When you reach the line with "N = (\<Sum>ns\<in>strict_chains" in the listing below, transcribe it and each line after it up to and including the line with "qed (force simp: strict_chains_def", exactly and with nothing else.

----

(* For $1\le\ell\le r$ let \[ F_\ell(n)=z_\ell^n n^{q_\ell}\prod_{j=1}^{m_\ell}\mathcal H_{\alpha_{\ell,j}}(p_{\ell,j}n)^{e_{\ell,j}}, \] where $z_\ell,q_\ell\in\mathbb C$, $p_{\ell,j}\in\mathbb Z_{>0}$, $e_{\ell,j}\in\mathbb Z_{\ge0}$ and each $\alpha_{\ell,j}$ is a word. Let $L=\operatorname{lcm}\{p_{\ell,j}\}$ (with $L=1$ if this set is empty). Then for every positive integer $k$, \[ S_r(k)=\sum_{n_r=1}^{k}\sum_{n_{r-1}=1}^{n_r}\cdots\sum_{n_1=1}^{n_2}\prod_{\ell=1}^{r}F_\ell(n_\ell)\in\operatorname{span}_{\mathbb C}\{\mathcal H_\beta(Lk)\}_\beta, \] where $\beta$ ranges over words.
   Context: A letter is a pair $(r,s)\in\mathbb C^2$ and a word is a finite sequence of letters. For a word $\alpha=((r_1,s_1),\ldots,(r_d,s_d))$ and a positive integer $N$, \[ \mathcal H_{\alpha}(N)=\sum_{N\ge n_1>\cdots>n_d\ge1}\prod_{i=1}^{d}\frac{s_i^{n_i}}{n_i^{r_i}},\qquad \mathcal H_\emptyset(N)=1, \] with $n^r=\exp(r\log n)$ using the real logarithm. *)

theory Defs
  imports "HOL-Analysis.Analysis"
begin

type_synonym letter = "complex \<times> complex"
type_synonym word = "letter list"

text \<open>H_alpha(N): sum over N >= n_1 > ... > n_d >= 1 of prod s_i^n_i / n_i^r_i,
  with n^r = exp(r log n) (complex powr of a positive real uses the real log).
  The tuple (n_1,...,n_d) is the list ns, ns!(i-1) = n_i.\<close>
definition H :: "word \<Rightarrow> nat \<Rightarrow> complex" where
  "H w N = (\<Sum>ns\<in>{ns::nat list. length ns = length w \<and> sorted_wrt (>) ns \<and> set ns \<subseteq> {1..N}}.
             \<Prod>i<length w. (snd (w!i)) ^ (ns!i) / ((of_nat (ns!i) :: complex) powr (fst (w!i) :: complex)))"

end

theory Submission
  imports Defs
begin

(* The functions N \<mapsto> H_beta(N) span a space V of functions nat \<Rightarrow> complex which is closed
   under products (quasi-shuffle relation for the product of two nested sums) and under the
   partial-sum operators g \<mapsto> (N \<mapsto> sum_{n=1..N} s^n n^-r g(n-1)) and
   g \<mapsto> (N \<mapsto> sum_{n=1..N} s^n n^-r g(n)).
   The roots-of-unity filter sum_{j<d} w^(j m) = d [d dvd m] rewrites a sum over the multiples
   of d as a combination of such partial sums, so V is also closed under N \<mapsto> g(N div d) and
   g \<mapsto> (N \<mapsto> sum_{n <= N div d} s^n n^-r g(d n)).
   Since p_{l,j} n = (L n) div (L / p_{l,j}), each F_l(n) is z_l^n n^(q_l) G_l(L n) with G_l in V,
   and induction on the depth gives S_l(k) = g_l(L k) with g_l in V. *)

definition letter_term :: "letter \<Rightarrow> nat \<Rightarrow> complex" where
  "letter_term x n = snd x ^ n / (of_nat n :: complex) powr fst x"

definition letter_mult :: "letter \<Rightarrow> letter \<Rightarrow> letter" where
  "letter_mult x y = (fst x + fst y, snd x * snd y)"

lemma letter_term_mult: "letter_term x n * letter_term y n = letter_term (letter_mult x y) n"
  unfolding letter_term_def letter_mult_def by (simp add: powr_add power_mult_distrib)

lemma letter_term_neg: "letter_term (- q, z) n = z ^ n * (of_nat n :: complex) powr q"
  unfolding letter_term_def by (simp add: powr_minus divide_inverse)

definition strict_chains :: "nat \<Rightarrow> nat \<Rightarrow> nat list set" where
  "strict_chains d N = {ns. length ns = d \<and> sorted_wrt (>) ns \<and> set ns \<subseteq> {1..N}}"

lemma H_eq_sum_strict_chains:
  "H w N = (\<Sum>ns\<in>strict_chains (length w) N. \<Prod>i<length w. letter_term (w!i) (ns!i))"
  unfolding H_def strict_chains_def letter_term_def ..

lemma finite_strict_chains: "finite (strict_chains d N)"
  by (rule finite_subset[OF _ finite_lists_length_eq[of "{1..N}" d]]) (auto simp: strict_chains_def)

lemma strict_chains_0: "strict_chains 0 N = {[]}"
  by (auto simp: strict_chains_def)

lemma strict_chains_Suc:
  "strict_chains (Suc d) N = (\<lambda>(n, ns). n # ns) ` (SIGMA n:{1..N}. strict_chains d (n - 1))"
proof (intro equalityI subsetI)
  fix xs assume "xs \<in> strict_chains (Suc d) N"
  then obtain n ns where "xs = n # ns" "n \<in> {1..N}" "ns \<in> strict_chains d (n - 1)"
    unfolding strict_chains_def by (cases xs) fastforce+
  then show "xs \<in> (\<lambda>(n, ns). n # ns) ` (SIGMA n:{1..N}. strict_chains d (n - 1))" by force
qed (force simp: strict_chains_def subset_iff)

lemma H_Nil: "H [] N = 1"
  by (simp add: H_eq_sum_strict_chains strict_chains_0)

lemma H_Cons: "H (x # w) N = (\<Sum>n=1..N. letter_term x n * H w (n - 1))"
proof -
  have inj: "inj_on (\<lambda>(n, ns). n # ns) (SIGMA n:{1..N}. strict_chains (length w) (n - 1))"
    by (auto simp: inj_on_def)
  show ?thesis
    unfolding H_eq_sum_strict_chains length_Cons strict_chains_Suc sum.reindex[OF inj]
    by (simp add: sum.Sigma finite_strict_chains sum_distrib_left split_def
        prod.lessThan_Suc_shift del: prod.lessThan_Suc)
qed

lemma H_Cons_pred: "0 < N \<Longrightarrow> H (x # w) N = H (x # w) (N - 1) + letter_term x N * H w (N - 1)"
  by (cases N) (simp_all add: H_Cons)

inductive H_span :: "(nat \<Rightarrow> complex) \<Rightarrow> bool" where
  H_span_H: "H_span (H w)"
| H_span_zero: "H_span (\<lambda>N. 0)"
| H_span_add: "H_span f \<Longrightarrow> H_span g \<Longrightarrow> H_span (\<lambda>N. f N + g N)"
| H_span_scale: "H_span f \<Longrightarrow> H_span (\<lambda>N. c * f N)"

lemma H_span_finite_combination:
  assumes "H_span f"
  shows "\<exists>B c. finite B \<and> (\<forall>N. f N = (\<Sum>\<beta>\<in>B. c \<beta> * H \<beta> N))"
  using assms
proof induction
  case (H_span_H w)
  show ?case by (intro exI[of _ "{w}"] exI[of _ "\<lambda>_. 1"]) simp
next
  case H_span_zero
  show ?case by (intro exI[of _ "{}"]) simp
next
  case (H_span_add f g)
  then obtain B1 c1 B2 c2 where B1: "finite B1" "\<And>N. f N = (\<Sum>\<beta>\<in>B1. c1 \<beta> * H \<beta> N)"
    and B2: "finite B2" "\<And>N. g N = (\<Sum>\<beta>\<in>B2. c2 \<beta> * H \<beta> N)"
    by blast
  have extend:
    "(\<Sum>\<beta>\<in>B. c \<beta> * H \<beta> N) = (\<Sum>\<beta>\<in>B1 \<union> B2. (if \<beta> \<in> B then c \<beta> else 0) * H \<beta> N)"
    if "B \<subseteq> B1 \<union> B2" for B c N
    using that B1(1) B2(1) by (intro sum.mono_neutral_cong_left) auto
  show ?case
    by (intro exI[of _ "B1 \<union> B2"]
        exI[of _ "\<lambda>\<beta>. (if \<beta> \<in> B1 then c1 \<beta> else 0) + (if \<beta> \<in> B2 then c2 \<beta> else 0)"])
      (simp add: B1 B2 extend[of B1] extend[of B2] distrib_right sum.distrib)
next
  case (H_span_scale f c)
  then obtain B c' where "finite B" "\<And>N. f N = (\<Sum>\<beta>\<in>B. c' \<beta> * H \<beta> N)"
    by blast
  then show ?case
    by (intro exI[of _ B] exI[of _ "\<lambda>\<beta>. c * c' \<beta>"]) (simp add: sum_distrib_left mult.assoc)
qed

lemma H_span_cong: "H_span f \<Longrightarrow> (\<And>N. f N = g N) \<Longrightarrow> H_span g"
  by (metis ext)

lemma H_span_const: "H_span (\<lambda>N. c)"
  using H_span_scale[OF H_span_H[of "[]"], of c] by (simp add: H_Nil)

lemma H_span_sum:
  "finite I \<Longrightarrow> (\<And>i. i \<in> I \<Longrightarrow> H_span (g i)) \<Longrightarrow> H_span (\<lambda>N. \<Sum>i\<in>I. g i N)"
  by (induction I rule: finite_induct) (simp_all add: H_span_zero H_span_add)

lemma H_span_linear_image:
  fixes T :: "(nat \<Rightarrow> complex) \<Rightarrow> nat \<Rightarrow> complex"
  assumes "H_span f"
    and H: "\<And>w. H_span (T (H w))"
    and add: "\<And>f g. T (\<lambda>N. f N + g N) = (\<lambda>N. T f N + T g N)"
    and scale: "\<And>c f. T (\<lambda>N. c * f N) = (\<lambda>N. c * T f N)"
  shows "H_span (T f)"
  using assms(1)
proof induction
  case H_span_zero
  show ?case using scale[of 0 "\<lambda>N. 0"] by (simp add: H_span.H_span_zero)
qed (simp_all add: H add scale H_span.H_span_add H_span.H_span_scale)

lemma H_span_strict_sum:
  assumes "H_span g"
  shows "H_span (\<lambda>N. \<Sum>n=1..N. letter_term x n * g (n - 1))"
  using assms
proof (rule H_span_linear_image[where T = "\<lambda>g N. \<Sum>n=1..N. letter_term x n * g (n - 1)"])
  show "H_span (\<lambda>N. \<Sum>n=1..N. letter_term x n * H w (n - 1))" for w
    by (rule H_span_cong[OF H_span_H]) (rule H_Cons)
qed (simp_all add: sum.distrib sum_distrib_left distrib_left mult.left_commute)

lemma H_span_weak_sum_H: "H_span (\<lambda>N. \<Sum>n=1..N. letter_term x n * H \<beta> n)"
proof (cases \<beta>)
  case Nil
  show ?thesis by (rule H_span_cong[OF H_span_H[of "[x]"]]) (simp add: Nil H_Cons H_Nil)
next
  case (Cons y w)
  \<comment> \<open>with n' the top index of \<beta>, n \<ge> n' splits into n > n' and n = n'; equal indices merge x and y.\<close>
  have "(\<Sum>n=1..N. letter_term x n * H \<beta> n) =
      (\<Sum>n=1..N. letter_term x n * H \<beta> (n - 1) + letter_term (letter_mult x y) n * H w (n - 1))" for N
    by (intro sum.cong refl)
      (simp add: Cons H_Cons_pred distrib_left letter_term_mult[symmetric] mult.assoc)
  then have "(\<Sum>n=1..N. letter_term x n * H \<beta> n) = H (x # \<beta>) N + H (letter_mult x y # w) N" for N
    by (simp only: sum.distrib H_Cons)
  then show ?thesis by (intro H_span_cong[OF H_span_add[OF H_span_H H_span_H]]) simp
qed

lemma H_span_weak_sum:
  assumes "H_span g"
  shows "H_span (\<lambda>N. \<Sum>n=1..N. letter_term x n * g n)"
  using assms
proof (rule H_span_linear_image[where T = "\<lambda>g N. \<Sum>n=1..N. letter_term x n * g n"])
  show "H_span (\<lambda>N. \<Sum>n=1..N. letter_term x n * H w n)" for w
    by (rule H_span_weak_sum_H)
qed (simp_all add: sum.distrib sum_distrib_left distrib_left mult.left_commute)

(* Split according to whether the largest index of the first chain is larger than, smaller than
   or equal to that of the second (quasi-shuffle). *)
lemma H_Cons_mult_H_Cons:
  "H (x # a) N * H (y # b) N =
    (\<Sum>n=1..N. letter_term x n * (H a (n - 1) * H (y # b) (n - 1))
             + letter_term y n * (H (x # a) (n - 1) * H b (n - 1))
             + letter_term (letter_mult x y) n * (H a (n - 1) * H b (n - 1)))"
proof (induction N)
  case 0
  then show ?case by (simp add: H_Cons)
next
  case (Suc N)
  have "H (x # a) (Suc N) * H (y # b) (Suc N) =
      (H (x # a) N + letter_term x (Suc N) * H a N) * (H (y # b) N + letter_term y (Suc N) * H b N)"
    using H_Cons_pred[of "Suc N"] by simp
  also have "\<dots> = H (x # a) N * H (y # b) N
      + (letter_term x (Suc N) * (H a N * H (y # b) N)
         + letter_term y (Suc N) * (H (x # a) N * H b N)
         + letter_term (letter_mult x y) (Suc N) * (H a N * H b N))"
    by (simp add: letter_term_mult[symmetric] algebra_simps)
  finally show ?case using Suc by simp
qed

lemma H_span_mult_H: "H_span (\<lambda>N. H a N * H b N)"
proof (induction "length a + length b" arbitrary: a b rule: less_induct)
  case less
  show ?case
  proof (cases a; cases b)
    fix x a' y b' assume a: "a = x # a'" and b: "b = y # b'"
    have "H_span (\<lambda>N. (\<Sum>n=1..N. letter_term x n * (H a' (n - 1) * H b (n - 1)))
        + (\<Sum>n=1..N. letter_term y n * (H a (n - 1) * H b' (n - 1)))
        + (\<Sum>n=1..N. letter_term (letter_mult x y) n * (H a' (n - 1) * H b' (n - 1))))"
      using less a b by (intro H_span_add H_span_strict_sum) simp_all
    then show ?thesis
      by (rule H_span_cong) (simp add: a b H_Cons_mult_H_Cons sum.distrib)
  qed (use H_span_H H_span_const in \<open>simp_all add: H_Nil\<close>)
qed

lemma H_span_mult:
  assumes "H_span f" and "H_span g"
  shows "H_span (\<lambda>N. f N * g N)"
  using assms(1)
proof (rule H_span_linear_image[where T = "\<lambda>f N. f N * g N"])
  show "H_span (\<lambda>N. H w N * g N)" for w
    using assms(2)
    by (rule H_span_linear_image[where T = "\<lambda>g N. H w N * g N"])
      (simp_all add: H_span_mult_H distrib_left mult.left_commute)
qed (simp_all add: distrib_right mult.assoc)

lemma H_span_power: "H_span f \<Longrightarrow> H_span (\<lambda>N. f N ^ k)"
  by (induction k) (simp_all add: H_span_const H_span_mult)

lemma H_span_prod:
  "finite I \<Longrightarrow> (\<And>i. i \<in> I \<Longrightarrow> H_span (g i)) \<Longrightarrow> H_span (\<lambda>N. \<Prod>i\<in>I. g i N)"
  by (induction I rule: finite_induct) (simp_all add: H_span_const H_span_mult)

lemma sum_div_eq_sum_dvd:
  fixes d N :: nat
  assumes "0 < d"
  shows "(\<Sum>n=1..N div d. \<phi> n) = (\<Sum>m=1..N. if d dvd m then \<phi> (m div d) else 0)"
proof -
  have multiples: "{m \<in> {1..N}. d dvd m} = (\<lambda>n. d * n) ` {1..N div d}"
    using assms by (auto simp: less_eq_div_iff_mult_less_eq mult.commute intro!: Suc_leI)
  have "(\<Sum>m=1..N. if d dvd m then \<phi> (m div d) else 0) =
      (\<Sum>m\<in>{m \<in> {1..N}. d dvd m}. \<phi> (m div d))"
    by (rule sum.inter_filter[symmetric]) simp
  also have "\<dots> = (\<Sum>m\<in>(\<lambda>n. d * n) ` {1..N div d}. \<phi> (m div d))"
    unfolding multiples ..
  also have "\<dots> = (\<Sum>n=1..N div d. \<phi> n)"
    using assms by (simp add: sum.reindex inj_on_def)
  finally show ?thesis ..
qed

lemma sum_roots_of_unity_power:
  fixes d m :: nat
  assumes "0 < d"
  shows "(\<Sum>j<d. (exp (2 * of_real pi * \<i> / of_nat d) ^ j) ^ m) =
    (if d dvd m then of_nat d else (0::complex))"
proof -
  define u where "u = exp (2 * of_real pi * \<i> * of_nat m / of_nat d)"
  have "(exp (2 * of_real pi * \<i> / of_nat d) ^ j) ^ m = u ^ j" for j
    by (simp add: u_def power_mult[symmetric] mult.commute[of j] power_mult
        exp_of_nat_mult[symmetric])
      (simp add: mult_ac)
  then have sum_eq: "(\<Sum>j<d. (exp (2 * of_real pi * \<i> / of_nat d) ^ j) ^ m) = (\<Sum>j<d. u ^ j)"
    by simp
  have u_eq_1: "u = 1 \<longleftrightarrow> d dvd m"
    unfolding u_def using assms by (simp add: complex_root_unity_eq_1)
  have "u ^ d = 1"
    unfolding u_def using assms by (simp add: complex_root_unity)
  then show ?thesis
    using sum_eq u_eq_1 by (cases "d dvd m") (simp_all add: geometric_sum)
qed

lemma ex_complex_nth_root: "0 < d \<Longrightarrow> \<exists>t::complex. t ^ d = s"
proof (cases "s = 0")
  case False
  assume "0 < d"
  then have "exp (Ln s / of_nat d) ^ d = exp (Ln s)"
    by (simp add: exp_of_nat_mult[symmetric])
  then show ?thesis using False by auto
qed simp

----

### Written solution:
  "H w N = (\<Sum>ns\<in>strict_chains (length w) N. \<Prod>i<length w. letter_term (w!i) (ns!i))"
  unfolding H_def strict_chains_def letter_term_def ..

lemma finite_strict_chains: "finite (strict_chains d N)"
  by (rule finite_subset[OF _ finite_lists_length_eq[of "{1..N}" d]]) (auto simp: strict_chains_def)

lemma strict_chains_0: "strict_chains 0 N = {[]}"
  by (auto simp: strict_chains_def)

lemma strict_chains_Suc:
  "strict_chains (Suc d) N = (\<lambda>(n, ns). n # ns) ` (SIGMA n:{1..N}. strict_chains d (n - 1))"
proof (intro equalityI subsetI)
  fix xs assume "xs \<in> strict_chains (Suc d) N"
  then obtain n ns where "xs = n # ns" "n \<in> {1..N}" "ns \<in> strict_chains d (n - 1)"
    unfolding strict_chains_def by (cases xs) fastforce+
  then show "xs \<in> (\<lambda>(n, ns). n # ns) ` (SIGMA n:{1..N}. strict_chains d (n - 1))" by force
qed (force simp: strict_chains_def subset_iff)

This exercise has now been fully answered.